## About this task
Restate the opening lines of the material below word for word, stopping after the line that contains "fix w :: real".

## Material to process
lemma powr_le_linear_plus_const:
  fixes a z \<epsilon> :: real assumes a: "0 < a" "a < 1" and z: "z \<ge> 0" and \<epsilon>: "\<epsilon> > 0"
  obtains C where "\<And>w. w \<ge> 0 \<Longrightarrow> z * w powr a \<le> \<epsilon> * w + C"
proof
  define M where "M = (z / \<epsilon> + 1) powr (1 / (1 - a))"
  have "z / \<epsilon> + 1 > 0" using z \<epsilon> by (simp add: add_nonneg_pos)
  then have M: "M > 0" "M powr (1 - a) = z / \<epsilon> + 1"
    using a by (simp_all add: M_def powr_powr)
  fix w :: real assume w: "w \<ge> 0"
  show "z * w powr a \<le> \<epsilon> * w + z * M powr a"
  proof (cases "w \<le> M")
    case True
    then have "z * w powr a \<le> z * M powr a"
      using w a z by (intro mult_left_mono powr_mono2) auto
    then show ?thesis using w \<epsilon> by (simp add: add_increasing)
  next
    case False
    have "z \<le> \<epsilon> * M powr (1 - a)" using M \<epsilon> by (simp add: field_simps)
    also have "\<dots> \<le> \<epsilon> * w powr (1 - a)"
      using False M a \<epsilon> by (intro mult_left_mono powr_mono2) auto
    finally have "z * w powr a \<le> \<epsilon> * w powr (1 - a) * w powr a"
      by (rule mult_right_mono) simp
    also have "\<dots> = \<epsilon> * w"
      using False M by (simp add: mult.assoc powr_add[symmetric])
    finally show ?thesis using M z by (simp add: add_increasing2)
  qed
qed
(* Let $I=(0,1)$, $\nu>0$, $\gamma>1$, $\rho_0\in C(\bar I)$ with $\rho_0>0$ in $I$, $\rho_0=0$ on $\partial I$, and $v_0=u_0$ continuous on $\bar I$. Suppose that there exist positive $\lambda_1,\lambda_2,\lambda_3,\lambda_4$ with $0<\lambda_3,\lambda_4<1$ such that either ($\frac{(\rho_0)_x}{\rho_0}\ge\lambda_1$ in $(0,\lambda_3)$, $v_0(\lambda_3)<0$, $v_0\le0$ in $(0,\lambda_3)$) or ($\frac{(\rho_0)_x}{\rho_0}\le-\lambda_2$ in $(\lambda_4,1)$, $v_0(\lambda_4)>0$, $v_0\ge0$ in $(\lambda_4,1)$). Then for every $T>0$ the problem $$\rho_0 v_t+\Big(\frac{\rho_0^\gamma}{\eta_x^\gamma}\Big)_x=\nu\Big(\frac{v_x}{\eta_x}\Big)_x\ \text{ in } I\times(0,T],\qquad \eta_t=v,$$ $$(v,\eta)=(u_0,x)\text{ on }I\times\{t=0\},\qquad v=v_x=0\text{ on }\partial I\times(0,T],$$ has no solution $(v,\eta)$ in $C^{2,1}(\bar I\times[0,T])$.
   Context: $C^{2,1}(\bar I\times[0,T])$ denotes functions that are $C^2$ in $x$ and $C^1$ in $t$ on $\bar I\times[0,T]$. *)

theory Defs
  imports "HOL-Analysis.Analysis"
begin

text \<open>Classical solution in \<open>C^{2,1}([0,1] \<times> [0,T])\<close> of the problem
  \<open>rho0 v_t + (rho0^gamma / eta_x^gamma)_x = nu (v_x / eta_x)_x\<close> in \<open>I \<times> (0,T]\<close>,
  \<open>eta_t = v\<close>, \<open>(v,eta) = (u0, x)\<close> at \<open>t = 0\<close>, \<open>v = v_x = 0\<close> on \<open>\<partial>I \<times> (0,T]\<close>.
  The functions vx, vxx, vt (resp. ex, exx, et) are the partial derivatives
  (one-sided at the boundary of the rectangle), required to be continuous on the
  closed rectangle, i.e. \<open>v, eta \<in> C^{2,1}\<close>.\<close>

definition C21_with :: "real \<Rightarrow> (real \<Rightarrow> real \<Rightarrow> real) \<Rightarrow> (real \<Rightarrow> real \<Rightarrow> real)
    \<Rightarrow> (real \<Rightarrow> real \<Rightarrow> real) \<Rightarrow> (real \<Rightarrow> real \<Rightarrow> real) \<Rightarrow> bool" where
  "C21_with T f fx fxx ft \<longleftrightarrow>
     continuous_on ({0..1} \<times> {0..T}) (\<lambda>(x,t). f x t) \<and>
     continuous_on ({0..1} \<times> {0..T}) (\<lambda>(x,t). fx x t) \<and>
     continuous_on ({0..1} \<times> {0..T}) (\<lambda>(x,t). fxx x t) \<and>
     continuous_on ({0..1} \<times> {0..T}) (\<lambda>(x,t). ft x t) \<and>
     (\<forall>x\<in>{0..1}. \<forall>t\<in>{0..T}.
        ((\<lambda>y. f y t) has_real_derivative fx x t) (at x within {0..1}) \<and>
        ((\<lambda>y. fx y t) has_real_derivative fxx x t) (at x within {0..1}) \<and>
        ((\<lambda>s. f x s) has_real_derivative ft x t) (at t within {0..T}))"

definition is_solution ::
  "real \<Rightarrow> real \<Rightarrow> real \<Rightarrow> (real \<Rightarrow> real) \<Rightarrow> (real \<Rightarrow> real)
     \<Rightarrow> (real \<Rightarrow> real \<Rightarrow> real) \<Rightarrow> (real \<Rightarrow> real \<Rightarrow> real) \<Rightarrow> bool" where
  "is_solution \<nu> \<gamma> T \<rho>0 u0 v \<eta> \<longleftrightarrow>
     (\<exists>vx vxx vt ex exx et.
        C21_with T v vx vxx vt \<and> C21_with T \<eta> ex exx et \<and>
        (\<forall>x\<in>{0<..<1}. \<forall>t\<in>{0<..T}.
           ex x t > 0 \<and>
           (\<exists>P Q.
              ((\<lambda>y. (\<rho>0 y) powr \<gamma> / (ex y t) powr \<gamma>) has_real_derivative P) (at x) \<and>
              ((\<lambda>y. vx y t / ex y t) has_real_derivative Q) (at x) \<and>
              \<rho>0 x * vt x t + P = \<nu> * Q) \<and>
           et x t = v x t) \<and>
        (\<forall>x\<in>{0<..<1}. v x 0 = u0 x \<and> \<eta> x 0 = x) \<and>
        (\<forall>t\<in>{0<..T}. v 0 t = 0 \<and> v 1 t = 0 \<and> vx 0 t = 0 \<and> vx 1 t = 0))"

end

(*
  Near the wall x = 0 the density grows at least like e^(lam1 x), and for a short time the
  deformation gradient eta_x stays close to 1 with eta_xx small.  At a positive interior
  maximum of v the pressure term (rho0^gamma / eta_x^gamma)_x is then strictly positive while
  v_t >= 0 and (v_x / eta_x)_x <= 0, which contradicts the momentum equation.  This maximum
  principle makes v negative on (0,a) x (0,tau], since it is nonpositive initially and negative
  at x = a.  The barrier v + eps (x^2 + x + K (t - tau)) obeys the same maximum principle, is
  nonpositive on [0,a] x [tau/2,tau] and vanishes at (0,tau); hence its x-derivative there,
  v_x(0,tau) + eps = eps, is nonpositive (a Hopf argument), contradicting v_x = 0 on the
  boundary.  The condition at the right wall reduces to this one under x -> 1 - x.
*)
theory Submission
  imports Defs
begin

lemma has_real_derivative_at_interior_Icc:
  fixes f :: "real \<Rightarrow> real"
  assumes "x \<in> {a<..<b}" and "(f has_real_derivative D) (at x within {a..b})"
  shows "(f has_real_derivative D) (at x)"
  using assms at_within_interior[of x "{a..b}"] by simp

lemma derivative_nonneg_at_right_endpoint_max:
  fixes f :: "real \<Rightarrow> real"
  assumes "a < t" and "(f has_real_derivative D) (at t within {a..t})"
    and "\<And>s. s \<in> {a..t} \<Longrightarrow> f s \<le> f t"
  shows "0 \<le> D"
proof (rule tendsto_lowerbound)
  show "((\<lambda>s. (f s - f t) / (s - t)) \<longlongrightarrow> D) (at t within {a..t})"
    using assms(2) by (simp add: has_field_derivative_iff)
  show "\<forall>\<^sub>F s in at t within {a..t}. 0 \<le> (f s - f t) / (s - t)"
    unfolding eventually_at_filter
    by (intro always_eventually) (auto intro!: divide_nonpos_neg simp: assms(3))
  show "at t within {a..t} \<noteq> bot"
    using assms(1) by (simp add: trivial_limit_within islimpt_Icc)
qed

lemma derivative_nonpos_at_left_endpoint_max:
  fixes f :: "real \<Rightarrow> real"
  assumes "x < b" and "(f has_real_derivative D) (at x within {x..b})"
    and "\<And>y. y \<in> {x..b} \<Longrightarrow> f y \<le> f x"
  shows "D \<le> 0"
proof (rule tendsto_upperbound)
  show "((\<lambda>y. (f y - f x) / (y - x)) \<longlongrightarrow> D) (at x within {x..b})"
    using assms(2) by (simp add: has_field_derivative_iff)
  show "\<forall>\<^sub>F y in at x within {x..b}. (f y - f x) / (y - x) \<le> 0"
    unfolding eventually_at_filter
    by (intro always_eventually) (auto intro!: divide_nonpos_pos simp: assms(3))
  show "at x within {x..b} \<noteq> bot"
    using assms(1) by (simp add: trivial_limit_within islimpt_Icc)
qed

lemma second_derivative_nonpos_at_local_max:
  fixes f f' :: "real \<Rightarrow> real"
  assumes "0 < d"
    and f': "\<And>y. \<bar>y - x\<bar> < d \<Longrightarrow> (f has_real_derivative f' y) (at y)"
    and max: "\<And>y. \<bar>y - x\<bar> < d \<Longrightarrow> f y \<le> f x"
    and f'': "(f' has_real_derivative D) (at x)"
  shows "D \<le> 0"
proof (rule ccontr)
  assume "\<not> D \<le> 0"
  have "f' x = 0"
    using DERIV_local_max[OF f'[of x] \<open>0 < d\<close>] max \<open>0 < d\<close> by (simp add: abs_minus_commute)
  obtain e where "0 < e" and incr: "\<And>h. 0 < h \<Longrightarrow> h < e \<Longrightarrow> f' x < f' (x + h)"
    using DERIV_pos_inc_right[OF f''] \<open>\<not> D \<le> 0\<close> by force
  define h where "h = min d e / 2"
  have h: "0 < h" "h < d" "h < e"
    using \<open>0 < d\<close> \<open>0 < e\<close> by (auto simp: h_def)
  obtain z where z: "x < z" "z < x + h" and mvt: "f (x + h) - f x = h * f' z"
    using MVT2[of x "x + h" f f'] f' h by force
  have "0 < f' z"
    using incr[of "z - x"] z h \<open>f' x = 0\<close> by simp
  then have "f x < f (x + h)"
    using mvt h(1) by (simp add: algebra_simps)
  with max[of "x + h"] h show False by simp
qed

lemma continuous_attains_max_on_rectangle:
  fixes f :: "real \<Rightarrow> real \<Rightarrow> real"
  assumes "continuous_on ({a..b} \<times> {c..d}) (\<lambda>(x, t). f x t)" and "a \<le> b" and "c \<le> d"
  obtains x t where "x \<in> {a..b}" "t \<in> {c..d}" "\<And>y s. y \<in> {a..b} \<Longrightarrow> s \<in> {c..d} \<Longrightarrow> f y s \<le> f x t"
proof -
  obtain p where "p \<in> {a..b} \<times> {c..d}"
    "\<forall>q \<in> {a..b} \<times> {c..d}. (\<lambda>(x, t). f x t) q \<le> (\<lambda>(x, t). f x t) p"
    using continuous_attains_sup[OF _ _ assms(1)] assms(2,3) by (auto simp: compact_Times)
  then show ?thesis
    using that by (cases p) auto
qed

section \<open>The maximum principle near the left wall\<close>

lemma powr_quotient_derivative_pos:
  fixes r e :: "real \<Rightarrow> real"
  assumes "0 < \<gamma>" and "0 < r x" and "0 < e x"
    and r': "(r has_real_derivative r'x) (at x)" and e': "(e has_real_derivative e'x) (at x)"
    and "r x * e'x < r'x * e x"
    and P: "((\<lambda>y. r y powr \<gamma> / e y powr \<gamma>) has_real_derivative P) (at x)"
  shows "0 < P"
proof -
  have "((\<lambda>y. r y powr \<gamma> / e y powr \<gamma>) has_real_derivative
      (\<gamma> * r x powr (\<gamma> - 1) * r'x * e x powr \<gamma> - r x powr \<gamma> * (\<gamma> * e x powr (\<gamma> - 1) * e'x))
        / (e x powr \<gamma> * e x powr \<gamma>)) (at x)"
    using DERIV_divide[OF DERIV_fun_powr[OF r' \<open>0 < r x\<close>] DERIV_fun_powr[OF e' \<open>0 < e x\<close>]]
      \<open>0 < e x\<close> by simp
  moreover have "r x powr \<gamma> = r x powr (\<gamma> - 1) * r x" "e x powr \<gamma> = e x powr (\<gamma> - 1) * e x"
    using assms(2,3) by (simp_all add: powr_diff)
  ultimately have "P = \<gamma> * r x powr (\<gamma> - 1) * e x powr (\<gamma> - 1) * (r'x * e x - r x * e'x)
      / (e x powr \<gamma> * e x powr \<gamma>)"
    using DERIV_unique[OF P] by (simp add: algebra_simps)
  then show ?thesis
    using assms(1,2,3,6) by simp
qed

text \<open>At a critical point of the barrier below, this quotient is \<open>(v\<^sub>x / \<eta>\<^sub>x)\<^sub>x\<close> with
  \<open>p = v\<^sub>x\<close>, \<open>q = v\<^sub>x\<^sub>x\<close>, \<open>e = \<eta>\<^sub>x\<close> and \<open>c = \<eta>\<^sub>x\<^sub>x\<close>.\<close>

lemma viscous_quotient_le:
  fixes \<epsilon> x e c p q :: real
  assumes "0 \<le> \<epsilon>" and "0 < x" "x < 1" and "1/2 < e" "e < 3/2" and "\<bar>c\<bar> < 1/4"
    and "p + \<epsilon> * (2*x + 1) = 0" and "q + 2*\<epsilon> \<le> 0"
  shows "(q * e - p * c) / (e * e) \<le> - \<epsilon> / 9"
proof -
  have "- p * c \<le> \<epsilon> * 3 * (1/4)"
  proof -
    have "p = - (\<epsilon> * (2*x + 1))"
      using assms(7) by linarith
    then have "- p * c \<le> \<epsilon> * (2*x + 1) * \<bar>c\<bar>"
      using assms(1,2) by (simp add: mult_left_mono)
    also have "\<dots> \<le> \<epsilon> * 3 * (1/4)"
      using assms(1-3,6) by (intro mult_mono) auto
    finally show ?thesis .
  qed
  moreover have "q * e \<le> -2*\<epsilon> * e"
    using mult_right_mono[of q "-2*\<epsilon>" e] assms(4,8) by simp
  moreover have "-2*\<epsilon> * e \<le> - \<epsilon>"
    using mult_left_mono[of 1 "2 * e" \<epsilon>] assms(1,4) by simp
  ultimately have num: "q * e - p * c \<le> - \<epsilon> / 4"
    by linarith
  have "e * e < 9/4"
    using mult_strict_mono[of e "3/2" e "3/2"] assms(4,5) by simp
  have "(q * e - p * c) / (e * e) \<le> (- \<epsilon> / 4) / (e * e)"
    using divide_right_mono[OF num, of "e * e"] assms(4) by simp
  also have "\<dots> \<le> (- \<epsilon> / 4) / (9/4)"
    using assms(1,4) \<open>e * e < 9/4\<close> by (intro divide_left_mono_neg) auto
  finally show ?thesis by simp
qed

text \<open>A solution restricted to a thin strip \<open>[0,a] \<times> [0,\<tau>]\<close> next to the wall \<open>x = 0\<close>;
  \<open>ex\<close> and \<open>exx\<close> stand for \<open>\<eta>\<^sub>x\<close> and \<open>\<eta>\<^sub>x\<^sub>x\<close>, whose bounds hold for small \<open>\<tau>\<close>
  because \<open>\<eta> = x\<close> initially.\<close>

locale wall_strip =
  fixes \<nu> \<gamma> lam a \<tau> B :: real and \<rho> :: "real \<Rightarrow> real"
    and v vx vxx vt ex exx :: "real \<Rightarrow> real \<Rightarrow> real"
  assumes nu_pos: "0 < \<nu>" and gamma_pos: "0 < \<gamma>" and lam_pos: "0 < lam"
    and a_pos: "0 < a" and a_le_1: "a \<le> 1" and tau_pos: "0 < \<tau>"
    and rho_pos: "\<And>x. x \<in> {0<..<a} \<Longrightarrow> 0 < \<rho> x"
    and rho_le: "\<And>x. x \<in> {0<..<a} \<Longrightarrow> \<rho> x \<le> B"
    and rho_growth: "\<And>x. x \<in> {0<..<a} \<Longrightarrow> \<exists>D. (\<rho> has_real_derivative D) (at x) \<and> lam * \<rho> x \<le> D"
    and v_x: "\<And>x t. x \<in> {0<..<a} \<Longrightarrow> t \<in> {0<..\<tau>} \<Longrightarrow>
      ((\<lambda>y. v y t) has_real_derivative vx x t) (at x)"
    and v_xx: "\<And>x t. x \<in> {0<..<a} \<Longrightarrow> t \<in> {0<..\<tau>} \<Longrightarrow>
      ((\<lambda>y. vx y t) has_real_derivative vxx x t) (at x)"
    and v_t: "\<And>x t. x \<in> {0<..<a} \<Longrightarrow> t \<in> {0<..\<tau>} \<Longrightarrow>
      ((\<lambda>s. v x s) has_real_derivative vt x t) (at t within {0..\<tau>})"
    and ex_x: "\<And>x t. x \<in> {0<..<a} \<Longrightarrow> t \<in> {0<..\<tau>} \<Longrightarrow>
      ((\<lambda>y. ex y t) has_real_derivative exx x t) (at x)"
    and ex_near_1: "\<And>x t. x \<in> {0<..<a} \<Longrightarrow> t \<in> {0<..\<tau>} \<Longrightarrow> 1/2 < ex x t \<and> ex x t < 3/2"
    and exx_small: "\<And>x t. x \<in> {0<..<a} \<Longrightarrow> t \<in> {0<..\<tau>} \<Longrightarrow>
      \<bar>exx x t\<bar> < 1/4 \<and> \<bar>exx x t\<bar> < lam/4"
    and momentum: "\<And>x t. x \<in> {0<..<a} \<Longrightarrow> t \<in> {0<..\<tau>} \<Longrightarrow>
      \<exists>P Q. ((\<lambda>y. \<rho> y powr \<gamma> / ex y t powr \<gamma>) has_real_derivative P) (at x) \<and>
        ((\<lambda>y. vx y t / ex y t) has_real_derivative Q) (at x) \<and> \<rho> x * vt x t + P = \<nu> * Q"
    and v_cont: "continuous_on ({0..a} \<times> {0..\<tau>}) (\<lambda>(x, t). v x t)"
    and v_initial: "\<And>x. x \<in> {0..a} \<Longrightarrow> v x 0 \<le> 0"
    and v_left: "\<And>t. t \<in> {0<..\<tau>} \<Longrightarrow> v 0 t = 0"
    and v_right: "\<And>t. t \<in> {0..\<tau>} \<Longrightarrow> v a t < 0"
    and v_flux_left: "((\<lambda>y. v y \<tau>) has_real_derivative 0) (at 0 within {0..a})"
begin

## Output of the exercise
lemma powr_le_linear_plus_const:
  fixes a z \<epsilon> :: real assumes a: "0 < a" "a < 1" and z: "z \<ge> 0" and \<epsilon>: "\<epsilon> > 0"
  obtains C where "\<And>w. w \<ge> 0 \<Longrightarrow> z * w powr a \<le> \<epsilon> * w + C"
proof
  define M where "M = (z / \<epsilon> + 1) powr (1 / (1 - a))"
  have "z / \<epsilon> + 1 > 0" using z \<epsilon> by (simp add: add_nonneg_pos)
  then have M: "M > 0" "M powr (1 - a) = z / \<epsilon> + 1"
    using a by (simp_all add: M_def powr_powr)
  fix w :: real assume w: "w \<ge> 0"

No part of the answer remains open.